● **Task**:
Every line of the data needs to be returned exactly.

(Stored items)

(* For each $m\ge1$, the sequence $(u_{k;m})_{k\ge0}$ is strictly increasing and converges to $b/(m+1)$: $$u_{0;m}<u_{1;m}<\dots<u_{k;m}<\dots,\qquad \lim_{k\to\infty}u_{k;m}=\frac{b}{m+1}.$$ Moreover, if $b=2$ and $d=1$, then $u_{0;m}=0$ for all $m\ge1$ and $u_{1;m}=2/(2^{m+1}-1)$ for all $m\ge0$.
   Context: Fix $b\ge2$ and $d\in\{0,\dots,b-1\}$. A string is a finite sequence $X=(d_l,\dots,d_1)$ of digits in $\{0,\dots,b-1\}$ (leading zeros allowed), of length $|X|=l\ge0$; its value is $n(X)=\sum_{i=1}^{l}d_ib^{i-1}$ ($0$ for the empty string). For $k\ge0$, $\mu_k=\sum_{X}b^{-|X|}\delta_{n(X)/b^{|X|}}$, the sum over all strings $X$ containing $d$ exactly $k$ times; it is a finite measure on $[0,1)$ of total mass $b$. The moments are $u_{k;m}=\int_{[0,1)}x^m\,d\mu_k(x)$. *)

theory Defs
  imports "HOL-Analysis.Analysis"
begin

text \<open>A string in base b is a list of digits [d_l, ..., d_1] (most significant first,
  leading zeros allowed), each digit < b.\<close>

definition strings_with :: "nat \<Rightarrow> nat \<Rightarrow> nat \<Rightarrow> nat list set" where
  "strings_with b d k = {xs. set xs \<subseteq> {..<b} \<and> count_list xs d = k}"

text \<open>Value n(X) = sum d_i b^(i-1), with d_1 the last list entry.\<close>
definition str_val :: "nat \<Rightarrow> nat list \<Rightarrow> nat" where
  "str_val b xs = foldl (\<lambda>acc x. acc * b + x) 0 xs"
(* For the $m\times m$ matrix multiplication tensor $\mathcal M_m$ one has $\underline R(\mathcal M_m)\ge\frac32m^2-\frac12$ if $m$ is odd, and $\underline R(\mathcal M_m)\ge\frac32m^2-2$ if $m$ is even.
   Context: $\mathcal M_m=\sum_{i,j,l=1}^m|ij\rangle\otimes|jl\rangle\otimes|li\rangle\in\bigotimes^3\mathbb C^{m\times m}$, where $|ij\rangle$ denotes the standard basis of $\mathbb C^{m\times m}$. The border rank $\underline R(w)$ of a tensor $w$ is the least $r$ such that $w$ is a limit of tensors each expressible as a sum of at most $r$ tensors of the form $u\otimes v\otimes x$. *)

theory Defs
  imports Complex_Main
begin

text \<open>Tensors in C^I (x) C^I (x) C^I for a finite index set I are represented as
  functions of three indices; only their values on I x I x I matter.\<close>

type_synonym idx = "nat \<times> nat"
type_synonym tensor3 = "idx \<Rightarrow> idx \<Rightarrow> idx \<Rightarrow> complex"

definition mat_idx :: "nat \<Rightarrow> idx set" where
  "mat_idx m = {0..<m} \<times> {0..<m}"

definition matmul_tensor :: "nat \<Rightarrow> tensor3" where
  "matmul_tensor m = (\<lambda>a b c. \<Sum>i<m. \<Sum>j<m. \<Sum>l<m.
      (if a = (i,j) \<and> b = (j,l) \<and> c = (l,i) then 1 else 0))"

definition sum_rank_one :: "nat \<Rightarrow> (nat \<Rightarrow> idx \<Rightarrow> complex) \<Rightarrow> (nat \<Rightarrow> idx \<Rightarrow> complex)
     \<Rightarrow> (nat \<Rightarrow> idx \<Rightarrow> complex) \<Rightarrow> tensor3" where
  "sum_rank_one r u v x = (\<lambda>a b c. \<Sum>s<r. u s a * v s b * x s c)"
(* Let $I\subseteq\mathbb{R}$ be an open interval (possibly unbounded), $\Sigma=I\times\mathbb{R}$, $m>1$ an integer, and let $F\in C^\omega(\Sigma,\mathbb{R}^2)$ be a non-singular map of the form $F(x,y)=\big(p_m(x)y^m+p_1(x)y+p_0(x),\;q_m(x)y^m+q_1(x)y+q_0(x)\big)$ with $p_m,q_m\in C^\omega(I,\mathbb{R})$. Set $d_{1m}(x)=p_1(x)q_m(x)-q_1(x)p_m(x)$ and $d^*_{1m}(x)=p_1'(x)q_m(x)-q_1'(x)p_m(x)$. Suppose at least one of the following holds: (i) $d_{1m}(x)\neq0$ for all $x\in I$; (ii) for every $x\in I$, $d_{1m}(x)=0$ implies $d^*_{1m}(x)\neq0$; (iii) $m$ is even and for every $x\in I$, $d_{1m}(x)=0$ implies $q_m(x)\neq0$; (iii$'$) $m$ is even and for every $x\in I$, $d_{1m}(x)=0$ implies $p_m(x)\neq0$; (iv) $m$ is odd and for every $x\in I$, $d_{1m}(x)=0$ implies $q_m(x)\neq0$ and $q_1(x)\le0$; (iv$'$) $m$ is odd and for every $x\in I$, $d_{1m}(x)=0$ implies $p_m(x)\neq0$ and $p_1(x)\le0$. Then $F$ is injective.
   Context: For $F=(P,Q)$, $d_F=P_xQ_y-P_yQ_x$ is the Jacobian determinant; $F$ is non-singular if $d_F(x,y)\neq0$ for all $(x,y)\in\Sigma$. $C^\omega$ denotes real analytic functions. *)

theory Defs
  imports "HOL-Analysis.Analysis"
begin

definition real_analytic_on :: "(real \<Rightarrow> real) \<Rightarrow> real set \<Rightarrow> bool" where
  "real_analytic_on f S \<longleftrightarrow>
     (\<forall>x\<in>S. \<exists>r>0. \<exists>a::nat \<Rightarrow> real.
        \<forall>y. \<bar>y - x\<bar> < r \<longrightarrow> (\<lambda>n. a n * (y - x) ^ n) sums f y)"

● **Solved problem**:
(* For each $m\ge1$, the sequence $(u_{k;m})_{k\ge0}$ is strictly increasing and converges to $b/(m+1)$: $$u_{0;m}<u_{1;m}<\dots<u_{k;m}<\dots,\qquad \lim_{k\to\infty}u_{k;m}=\frac{b}{m+1}.$$ Moreover, if $b=2$ and $d=1$, then $u_{0;m}=0$ for all $m\ge1$ and $u_{1;m}=2/(2^{m+1}-1)$ for all $m\ge0$.
   Context: Fix $b\ge2$ and $d\in\{0,\dots,b-1\}$. A string is a finite sequence $X=(d_l,\dots,d_1)$ of digits in $\{0,\dots,b-1\}$ (leading zeros allowed), of length $|X|=l\ge0$; its value is $n(X)=\sum_{i=1}^{l}d_ib^{i-1}$ ($0$ for the empty string). For $k\ge0$, $\mu_k=\sum_{X}b^{-|X|}\delta_{n(X)/b^{|X|}}$, the sum over all strings $X$ containing $d$ exactly $k$ times; it is a finite measure on $[0,1)$ of total mass $b$. The moments are $u_{k;m}=\int_{[0,1)}x^m\,d\mu_k(x)$. *)

theory Defs
  imports "HOL-Analysis.Analysis"
begin

text \<open>A string in base b is a list of digits [d_l, ..., d_1] (most significant first,
  leading zeros allowed), each digit < b.\<close>

definition strings_with :: "nat \<Rightarrow> nat \<Rightarrow> nat \<Rightarrow> nat list set" where
  "strings_with b d k = {xs. set xs \<subseteq> {..<b} \<and> count_list xs d = k}"

text \<open>Value n(X) = sum d_i b^(i-1), with d_1 the last list entry.\<close>
definition str_val :: "nat \<Rightarrow> nat list \<Rightarrow> nat" where
  "str_val b xs = foldl (\<lambda>acc x. acc * b + x) 0 xs"
(* For the $m\times m$ matrix multiplication tensor $\mathcal M_m$ one has $\underline R(\mathcal M_m)\ge\frac32m^2-\frac12$ if $m$ is odd, and $\underline R(\mathcal M_m)\ge\frac32m^2-2$ if $m$ is even.
   Context: $\mathcal M_m=\sum_{i,j,l=1}^m|ij\rangle\otimes|jl\rangle\otimes|li\rangle\in\bigotimes^3\mathbb C^{m\times m}$, where $|ij\rangle$ denotes the standard basis of $\mathbb C^{m\times m}$. The border rank $\underline R(w)$ of a tensor $w$ is the least $r$ such that $w$ is a limit of tensors each expressible as a sum of at most $r$ tensors of the form $u\otimes v\otimes x$. *)

theory Defs
  imports Complex_Main
begin

text \<open>Tensors in C^I (x) C^I (x) C^I for a finite index set I are represented as
  functions of three indices; only their values on I x I x I matter.\<close>

type_synonym idx = "nat \<times> nat"
type_synonym tensor3 = "idx \<Rightarrow> idx \<Rightarrow> idx \<Rightarrow> complex"

definition mat_idx :: "nat \<Rightarrow> idx set" where
  "mat_idx m = {0..<m} \<times> {0..<m}"

definition matmul_tensor :: "nat \<Rightarrow> tensor3" where
  "matmul_tensor m = (\<lambda>a b c. \<Sum>i<m. \<Sum>j<m. \<Sum>l<m.
      (if a = (i,j) \<and> b = (j,l) \<and> c = (l,i) then 1 else 0))"

definition sum_rank_one :: "nat \<Rightarrow> (nat \<Rightarrow> idx \<Rightarrow> complex) \<Rightarrow> (nat \<Rightarrow> idx \<Rightarrow> complex)
     \<Rightarrow> (nat \<Rightarrow> idx \<Rightarrow> complex) \<Rightarrow> tensor3" where
  "sum_rank_one r u v x = (\<lambda>a b c. \<Sum>s<r. u s a * v s b * x s c)"
(* Let $I\subseteq\mathbb{R}$ be an open interval (possibly unbounded), $\Sigma=I\times\mathbb{R}$, $m>1$ an integer, and let $F\in C^\omega(\Sigma,\mathbb{R}^2)$ be a non-singular map of the form $F(x,y)=\big(p_m(x)y^m+p_1(x)y+p_0(x),\;q_m(x)y^m+q_1(x)y+q_0(x)\big)$ with $p_m,q_m\in C^\omega(I,\mathbb{R})$. Set $d_{1m}(x)=p_1(x)q_m(x)-q_1(x)p_m(x)$ and $d^*_{1m}(x)=p_1'(x)q_m(x)-q_1'(x)p_m(x)$. Suppose at least one of the following holds: (i) $d_{1m}(x)\neq0$ for all $x\in I$; (ii) for every $x\in I$, $d_{1m}(x)=0$ implies $d^*_{1m}(x)\neq0$; (iii) $m$ is even and for every $x\in I$, $d_{1m}(x)=0$ implies $q_m(x)\neq0$; (iii$'$) $m$ is even and for every $x\in I$, $d_{1m}(x)=0$ implies $p_m(x)\neq0$; (iv) $m$ is odd and for every $x\in I$, $d_{1m}(x)=0$ implies $q_m(x)\neq0$ and $q_1(x)\le0$; (iv$'$) $m$ is odd and for every $x\in I$, $d_{1m}(x)=0$ implies $p_m(x)\neq0$ and $p_1(x)\le0$. Then $F$ is injective.
   Context: For $F=(P,Q)$, $d_F=P_xQ_y-P_yQ_x$ is the Jacobian determinant; $F$ is non-singular if $d_F(x,y)\neq0$ for all $(x,y)\in\Sigma$. $C^\omega$ denotes real analytic functions. *)

theory Defs
  imports "HOL-Analysis.Analysis"
begin

definition real_analytic_on :: "(real \<Rightarrow> real) \<Rightarrow> real set \<Rightarrow> bool" where
  "real_analytic_on f S \<longleftrightarrow>
     (\<forall>x\<in>S. \<exists>r>0. \<exists>a::nat \<Rightarrow> real.
        \<forall>y. \<bar>y - x\<bar> < r \<longrightarrow> (\<lambda>n. a n * (y - x) ^ n) sums f y)"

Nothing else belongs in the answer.